◆ **Provided data**:
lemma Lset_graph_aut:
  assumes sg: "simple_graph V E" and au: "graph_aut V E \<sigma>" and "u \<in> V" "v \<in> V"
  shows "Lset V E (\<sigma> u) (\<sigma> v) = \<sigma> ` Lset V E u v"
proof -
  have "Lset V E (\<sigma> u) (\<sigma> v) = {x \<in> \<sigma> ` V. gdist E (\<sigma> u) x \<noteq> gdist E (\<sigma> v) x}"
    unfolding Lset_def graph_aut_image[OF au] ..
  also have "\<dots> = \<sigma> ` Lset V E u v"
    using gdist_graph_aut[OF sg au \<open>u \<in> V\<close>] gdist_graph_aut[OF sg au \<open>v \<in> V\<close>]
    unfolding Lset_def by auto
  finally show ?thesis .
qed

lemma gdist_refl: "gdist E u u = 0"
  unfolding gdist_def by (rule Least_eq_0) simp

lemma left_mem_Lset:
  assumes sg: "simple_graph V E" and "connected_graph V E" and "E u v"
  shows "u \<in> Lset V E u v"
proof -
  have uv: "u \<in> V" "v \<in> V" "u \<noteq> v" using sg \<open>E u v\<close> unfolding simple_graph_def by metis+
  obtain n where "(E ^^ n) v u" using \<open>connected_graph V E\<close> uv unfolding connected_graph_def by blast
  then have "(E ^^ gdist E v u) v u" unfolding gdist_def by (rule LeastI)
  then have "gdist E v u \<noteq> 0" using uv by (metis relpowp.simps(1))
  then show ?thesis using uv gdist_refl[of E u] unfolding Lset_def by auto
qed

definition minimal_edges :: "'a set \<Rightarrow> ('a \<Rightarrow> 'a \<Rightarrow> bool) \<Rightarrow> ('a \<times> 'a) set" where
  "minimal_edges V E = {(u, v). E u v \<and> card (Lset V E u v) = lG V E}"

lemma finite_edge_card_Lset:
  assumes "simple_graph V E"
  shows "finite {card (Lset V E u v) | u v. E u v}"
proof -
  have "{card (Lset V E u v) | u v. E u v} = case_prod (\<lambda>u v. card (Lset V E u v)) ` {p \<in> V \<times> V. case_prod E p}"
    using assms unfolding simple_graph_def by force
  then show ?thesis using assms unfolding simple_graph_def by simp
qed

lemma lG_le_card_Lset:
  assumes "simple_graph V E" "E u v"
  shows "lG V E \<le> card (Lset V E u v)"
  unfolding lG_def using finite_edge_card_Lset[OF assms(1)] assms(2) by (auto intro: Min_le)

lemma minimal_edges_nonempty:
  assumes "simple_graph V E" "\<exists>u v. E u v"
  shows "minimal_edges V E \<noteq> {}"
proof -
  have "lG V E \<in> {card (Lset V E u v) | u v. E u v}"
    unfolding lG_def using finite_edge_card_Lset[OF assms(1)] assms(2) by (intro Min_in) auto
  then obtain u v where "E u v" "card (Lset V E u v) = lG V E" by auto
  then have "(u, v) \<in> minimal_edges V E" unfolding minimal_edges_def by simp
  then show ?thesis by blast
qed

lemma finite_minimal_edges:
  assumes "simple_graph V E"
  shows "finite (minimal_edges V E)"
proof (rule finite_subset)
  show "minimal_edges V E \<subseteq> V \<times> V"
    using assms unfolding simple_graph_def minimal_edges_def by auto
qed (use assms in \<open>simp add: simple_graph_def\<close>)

==

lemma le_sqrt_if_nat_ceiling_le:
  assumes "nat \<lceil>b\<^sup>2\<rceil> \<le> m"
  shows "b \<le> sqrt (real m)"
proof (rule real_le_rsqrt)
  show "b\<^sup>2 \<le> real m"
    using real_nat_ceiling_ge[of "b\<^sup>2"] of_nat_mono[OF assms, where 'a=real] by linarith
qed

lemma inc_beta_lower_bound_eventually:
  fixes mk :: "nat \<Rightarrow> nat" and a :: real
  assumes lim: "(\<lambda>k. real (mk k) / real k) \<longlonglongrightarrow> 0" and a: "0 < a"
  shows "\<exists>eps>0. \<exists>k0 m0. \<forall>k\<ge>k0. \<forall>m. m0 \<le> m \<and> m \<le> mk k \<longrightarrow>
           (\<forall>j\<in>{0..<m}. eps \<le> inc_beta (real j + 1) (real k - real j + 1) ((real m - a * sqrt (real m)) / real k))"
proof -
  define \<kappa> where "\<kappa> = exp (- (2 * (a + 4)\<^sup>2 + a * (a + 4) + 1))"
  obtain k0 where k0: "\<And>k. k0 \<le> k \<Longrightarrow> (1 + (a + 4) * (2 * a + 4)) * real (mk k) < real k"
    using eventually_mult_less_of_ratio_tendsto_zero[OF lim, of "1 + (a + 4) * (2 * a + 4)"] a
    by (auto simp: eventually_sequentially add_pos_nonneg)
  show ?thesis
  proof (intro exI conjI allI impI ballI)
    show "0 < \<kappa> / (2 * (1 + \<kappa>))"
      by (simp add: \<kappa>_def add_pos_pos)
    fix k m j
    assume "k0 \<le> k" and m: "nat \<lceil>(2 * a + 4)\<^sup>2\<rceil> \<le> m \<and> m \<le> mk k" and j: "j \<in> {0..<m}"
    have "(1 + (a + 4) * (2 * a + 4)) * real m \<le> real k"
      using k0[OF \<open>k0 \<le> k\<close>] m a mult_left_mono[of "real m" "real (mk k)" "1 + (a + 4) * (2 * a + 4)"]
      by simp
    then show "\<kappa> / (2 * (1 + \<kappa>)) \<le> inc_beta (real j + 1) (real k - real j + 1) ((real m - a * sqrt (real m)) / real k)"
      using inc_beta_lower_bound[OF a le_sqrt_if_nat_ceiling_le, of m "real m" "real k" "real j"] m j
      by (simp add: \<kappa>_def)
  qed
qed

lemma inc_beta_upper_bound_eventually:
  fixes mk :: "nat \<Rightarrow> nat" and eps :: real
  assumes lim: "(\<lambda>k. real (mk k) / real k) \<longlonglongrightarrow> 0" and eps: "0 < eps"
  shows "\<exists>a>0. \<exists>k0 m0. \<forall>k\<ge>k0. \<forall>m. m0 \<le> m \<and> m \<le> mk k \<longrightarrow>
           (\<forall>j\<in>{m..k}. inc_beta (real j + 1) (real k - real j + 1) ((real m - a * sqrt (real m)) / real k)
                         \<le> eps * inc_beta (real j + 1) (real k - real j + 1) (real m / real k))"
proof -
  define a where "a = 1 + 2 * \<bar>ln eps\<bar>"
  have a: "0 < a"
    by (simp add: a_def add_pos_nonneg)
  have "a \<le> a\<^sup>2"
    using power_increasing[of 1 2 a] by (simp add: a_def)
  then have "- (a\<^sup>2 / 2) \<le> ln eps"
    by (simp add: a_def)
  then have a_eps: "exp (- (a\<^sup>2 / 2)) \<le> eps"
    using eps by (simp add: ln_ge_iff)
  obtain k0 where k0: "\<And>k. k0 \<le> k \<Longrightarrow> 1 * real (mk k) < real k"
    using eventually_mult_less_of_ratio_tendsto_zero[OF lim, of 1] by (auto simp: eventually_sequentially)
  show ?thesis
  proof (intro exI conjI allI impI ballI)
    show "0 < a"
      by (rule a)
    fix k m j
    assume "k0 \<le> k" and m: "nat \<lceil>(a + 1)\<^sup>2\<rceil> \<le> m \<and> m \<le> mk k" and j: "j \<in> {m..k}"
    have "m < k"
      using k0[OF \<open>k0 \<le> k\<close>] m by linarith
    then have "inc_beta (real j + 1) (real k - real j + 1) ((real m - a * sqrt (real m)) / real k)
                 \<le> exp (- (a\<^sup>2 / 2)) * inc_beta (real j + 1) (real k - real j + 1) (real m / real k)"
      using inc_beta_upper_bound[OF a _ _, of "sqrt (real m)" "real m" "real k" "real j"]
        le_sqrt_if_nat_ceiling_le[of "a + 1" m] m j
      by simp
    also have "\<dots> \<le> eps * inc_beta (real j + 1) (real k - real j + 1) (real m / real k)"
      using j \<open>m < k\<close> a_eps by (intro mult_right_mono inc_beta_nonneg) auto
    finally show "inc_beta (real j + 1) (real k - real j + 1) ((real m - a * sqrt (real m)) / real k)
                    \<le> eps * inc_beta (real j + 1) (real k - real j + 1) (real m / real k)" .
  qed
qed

◆ **Aim of the exercise**: The range runs from the line with "unfolding Lset_def graph_aut_image[OF" up to and including the line with "(auto intro: Min_le)" in the listing above; please write out exactly those lines and nothing more.

◆ **Task result**:
    unfolding Lset_def graph_aut_image[OF au] ..
  also have "\<dots> = \<sigma> ` Lset V E u v"
    using gdist_graph_aut[OF sg au \<open>u \<in> V\<close>] gdist_graph_aut[OF sg au \<open>v \<in> V\<close>]
    unfolding Lset_def by auto
  finally show ?thesis .
qed

lemma gdist_refl: "gdist E u u = 0"
  unfolding gdist_def by (rule Least_eq_0) simp

lemma left_mem_Lset:
  assumes sg: "simple_graph V E" and "connected_graph V E" and "E u v"
  shows "u \<in> Lset V E u v"
proof -
  have uv: "u \<in> V" "v \<in> V" "u \<noteq> v" using sg \<open>E u v\<close> unfolding simple_graph_def by metis+
  obtain n where "(E ^^ n) v u" using \<open>connected_graph V E\<close> uv unfolding connected_graph_def by blast
  then have "(E ^^ gdist E v u) v u" unfolding gdist_def by (rule LeastI)
  then have "gdist E v u \<noteq> 0" using uv by (metis relpowp.simps(1))
  then show ?thesis using uv gdist_refl[of E u] unfolding Lset_def by auto
qed

definition minimal_edges :: "'a set \<Rightarrow> ('a \<Rightarrow> 'a \<Rightarrow> bool) \<Rightarrow> ('a \<times> 'a) set" where
  "minimal_edges V E = {(u, v). E u v \<and> card (Lset V E u v) = lG V E}"

lemma finite_edge_card_Lset:
  assumes "simple_graph V E"
  shows "finite {card (Lset V E u v) | u v. E u v}"
proof -
  have "{card (Lset V E u v) | u v. E u v} = case_prod (\<lambda>u v. card (Lset V E u v)) ` {p \<in> V \<times> V. case_prod E p}"
    using assms unfolding simple_graph_def by force
  then show ?thesis using assms unfolding simple_graph_def by simp
qed

lemma lG_le_card_Lset:
  assumes "simple_graph V E" "E u v"
  shows "lG V E \<le> card (Lset V E u v)"
  unfolding lG_def using finite_edge_card_Lset[OF assms(1)] assms(2) by (auto intro: Min_le)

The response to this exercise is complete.